[ First - *please* don't mail me privately, without copying
any responses to the mailing list. I don't have the time
or inclination to offer private, unpaid, SNMP consultancy.
Keep discussions to the list, where others can both learn
and offer advice. Thanks. ]
On 20 June 2012 20:45, Bob O'Neil <[email protected]> wrote:
> Hi Dave, thanks for the help as usual.
>
> I have this working now with the trapsess keyword. To do so, I had to
> eliminate the trap2sink statement, which I guess makes sense since
> the two behaviors need to be mutually exclusive. Is this correct?
Not really.
The various trapsink/trapinform/trapsess directives each define a
location to which notifications should be sent. It's perfectly valid
to have more than one trap destination (using either different or
the same versions of SNMP).
They're not mutually exclusive - they're independent.
The one thing that I'd say *is* wrong, would be to have two
or more trap destinations, all pointing to the same host
trapsink localhost
trap2sink localhost
informsink localhost
is Just Plain Wrong (and shows a complete misunderstanding of
how this works).
> I did not do anything special in terms of specifying an engine id for the
> trap sender In my trapsess statement.
If you're working with Inform notifications (-Ci), then this is fine.
The agent will do the usual EngineID discovery, just as with client-side
SNMPv3 requests, and everything Should Just Work.
If you're working with Trap notifications, then this may or may not
be a problem.
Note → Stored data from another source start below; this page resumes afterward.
lemma integral_pos_on_domain_if_vanishes_below:
  fixes h :: "real^'n \<Rightarrow> real"
  assumes "\<delta> > 0" "continuous_on \<Omega> h" "\<And>x. x \<in> \<Omega> \<Longrightarrow> w x < \<delta> \<Longrightarrow> h x = 0"
    and "\<And>x. x \<in> \<Omega> \<Longrightarrow> h x \<ge> 0" "x0 \<in> \<Omega>" "h x0 > 0"
  shows "integral \<Omega> h > 0"
proof -
  have "integral UNIV (\<lambda>x. if x \<in> \<Omega> then h x else 0) > 0"
  proof (rule integral_pos_if_continuous_nonneg)
    show "continuous_on UNIV (\<lambda>x. if x \<in> \<Omega> then h x else 0)"
      using assms(1-3) by (rule continuous_on_UNIV_extend_by_zero)
    show "(\<lambda>x. if x \<in> \<Omega> then h x else 0) integrable_on UNIV"
      using integrable_on_domain_if_vanishes_below[OF assms(1-3)] by (simp add: integrable_restrict_UNIV)
  qed (use assms(4-6) in auto)
  then show ?thesis
    by (simp add: integral_restrict_UNIV)
qed

lemma has_derivative_extend_by_zero:
  fixes h :: "real^'n \<Rightarrow> real"
  assumes "\<delta> > 0" "\<And>x. x \<in> \<Omega> \<Longrightarrow> w x < \<delta> \<Longrightarrow> h x = 0"
  shows "x \<in> \<Omega> \<Longrightarrow> (h has_derivative H) (at x)
      \<Longrightarrow> ((\<lambda>y. if y \<in> \<Omega> then h y else 0) has_derivative H) (at x)"
    and "x \<notin> \<Omega> \<Longrightarrow> ((\<lambda>y. if y \<in> \<Omega> then h y else 0) has_derivative (\<lambda>_. 0)) (at x)"
proof -
  show "((\<lambda>y. if y \<in> \<Omega> then h y else 0) has_derivative H) (at x)"
    if "x \<in> \<Omega>" "(h has_derivative H) (at x)"
    by (rule has_derivative_transform_within_open[OF that(2) open_domain that(1)]) simp
  show "((\<lambda>y. if y \<in> \<Omega> then h y else 0) has_derivative (\<lambda>_. 0)) (at x)" if "x \<notin> \<Omega>"
  proof (rule has_derivative_transform_within_open[OF has_derivative_const])
    show "open (- superlevel \<delta>)"
      using compact_superlevel by (simp add: compact_imp_closed open_Compl)
    show "x \<in> - superlevel \<delta>"
      using that superlevel_subset[OF assms(1)] by blast
  qed (use assms(2) less_if_notin_superlevel in auto)
qed

lemma has_derivative_w: "x \<in> \<Omega> \<Longrightarrow> (w has_derivative frechet_derivative w (at x)) (at x)"
  and has_derivative_partial_w:
    "x \<in> \<Omega> \<Longrightarrow> (partial i w has_derivative frechet_derivative (partial i w) (at x)) (at x)"
  using C2 unfolding C2_on_def by (simp_all add: frechet_derivative_works)

lemma continuous_on_potential: "continuous_on \<Omega> V"
  using continuous_potential closure_subset by (rule continuous_on_subset)

lemma continuous_on_w: "continuous_on \<Omega> w"
  using continuous_closure closure_subset by (rule continuous_on_subset)

lemma continuous_on_partial_w: "continuous_on \<Omega> (partial i w)"
  and continuous_on_partial_partial_w: "continuous_on \<Omega> (partial j (partial i w))"
  and continuous_on_laplacian_w: "continuous_on \<Omega> (laplacian w)"
  using C2 unfolding C2_on_def laplacian_def[abs_def] by (auto intro!: continuous_intros)

lemma continuous_on_ramp_w:
  assumes "e > 0"
  shows "continuous_on \<Omega> (\<lambda>x. ramp e (w x))"
    and "continuous_on \<Omega> (\<lambda>x. ramp_slope e (w x))"
    and "continuous_on \<Omega> (\<lambda>x. ramp_weight e (w x))"
  using assms continuous_on_w
  by (auto intro: continuous_on_compose2[OF continuous_on_ramp] continuous_on_compose2[OF continuous_on_ramp_slope]
      continuous_on_compose2[OF continuous_on_ramp_weight])

definition ramp_test :: "real \<Rightarrow> real^'n \<Rightarrow> real" where
  "ramp_test e x = (if x \<in> \<Omega> then ramp e (w x) else 0)"

lemma has_derivative_ramp_test:
  assumes "e > 0"
  shows "(ramp_test e has_derivative
      (\<lambda>h. if x \<in> \<Omega> then ramp_slope e (w x) * frechet_derivative w (at x) h else 0)) (at x)"
proof -
  have vanish: "ramp e (w y) = 0" if "y \<in> \<Omega>" "w y < e" for y
    using that by (simp add: ramp_eq_0)
  show ?thesis
  proof (cases "x \<in> \<Omega>")
    case True
    have "((\<lambda>y. ramp e (w y)) has_derivative (\<lambda>h. ramp_slope e (w x) * frechet_derivative w (at x) h)) (at x)"
      using has_derivative_compose[OF has_derivative_w[OF True] ramp_has_real_derivative[OF assms,
            unfolded has_field_derivative_def]] .
    from has_derivative_extend_by_zero(1)[OF assms vanish True this]
    show ?thesis using True by (simp add: ramp_test_def[abs_def])
  next
    case False
    from has_derivative_extend_by_zero(2)[OF assms vanish False]
    show ?thesis using False by (simp add: ramp_test_def[abs_def])
  qed
qed

lemma partial_ramp_test:
  "e > 0 \<Longrightarrow> partial i (ramp_test e) x = (if x \<in> \<Omega> then ramp_slope e (w x) * partial i w x else 0)"
  using partial_eq_of_has_derivative[OF has_derivative_ramp_test] by (simp add: partial_def)

lemma test_fun_ramp_test:
  assumes "e > 0" shows "test_fun \<Omega> (ramp_test e)"
  unfolding test_fun_def
proof (intro conjI allI)
  show "ramp_test e differentiable (at x)" for x
    using has_derivative_ramp_test[OF assms] by (rule differentiableI)
  show "continuous_on UNIV (partial i (ramp_test e))" for i
  proof -
    have "continuous_on UNIV (\<lambda>x. if x \<in> \<Omega> then ramp_slope e (w x) * partial i w x else 0)"
    proof (rule continuous_on_UNIV_extend_by_zero[OF assms])
      show "continuous_on \<Omega> (\<lambda>x. ramp_slope e (w x) * partial i w x)"
        by (intro continuous_on_mult continuous_on_partial_w continuous_on_ramp_w[OF assms])
    qed (simp add: ramp_slope_eq_0)
    then show ?thesis
      by (simp add: partial_ramp_test[OF assms] fun_eq_iff)
  qed
  have "{x. ramp_test e x \<noteq> 0} \<subseteq> superlevel e"
  proof
    fix x assume "x \<in> {x. ramp_test e x \<noteq> 0}"
    then have "x \<in> \<Omega>" "\<not> w x \<le> e"
      by (auto simp: ramp_test_def ramp_eq_0 split: if_splits)
    then show "x \<in> superlevel e"
      by (meson less_if_notin_superlevel less_imp_le)
  qed
  then have "closure {x. ramp_test e x \<noteq> 0} \<subseteq> superlevel e"
    using compact_superlevel by (intro closure_minimal compact_imp_closed)
  then show "compact (closure {x. ramp_test e x \<noteq> 0})" "closure {x. ramp_test e x \<noteq> 0} \<subseteq> \<Omega>"
    using compact_superlevel[of e] superlevel_subset[OF assms]
    by (meson bounded_subset closed_closure compact_eq_bounded_closed compact_imp_bounded, blast)
qed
Either you should set the trapsess engineID to
match the trap receiver, or you should configure the trap receiver
with information about the sender(s). (Or else configure both manually
to use the same engineID)
Bottom line - the two sides need to agree about which engineID to use.
There's more about this in the on-line documentation.
> A sample SNMP client (Snmpb) was able to properly receive and
> decode the trap I sent from my subagent.
Sounds good.
> Are there any special considerations that an SNMP Manager
> needs in terms of managing engine ids from client as part of
> some discovery process, or it is part of the protocol itself?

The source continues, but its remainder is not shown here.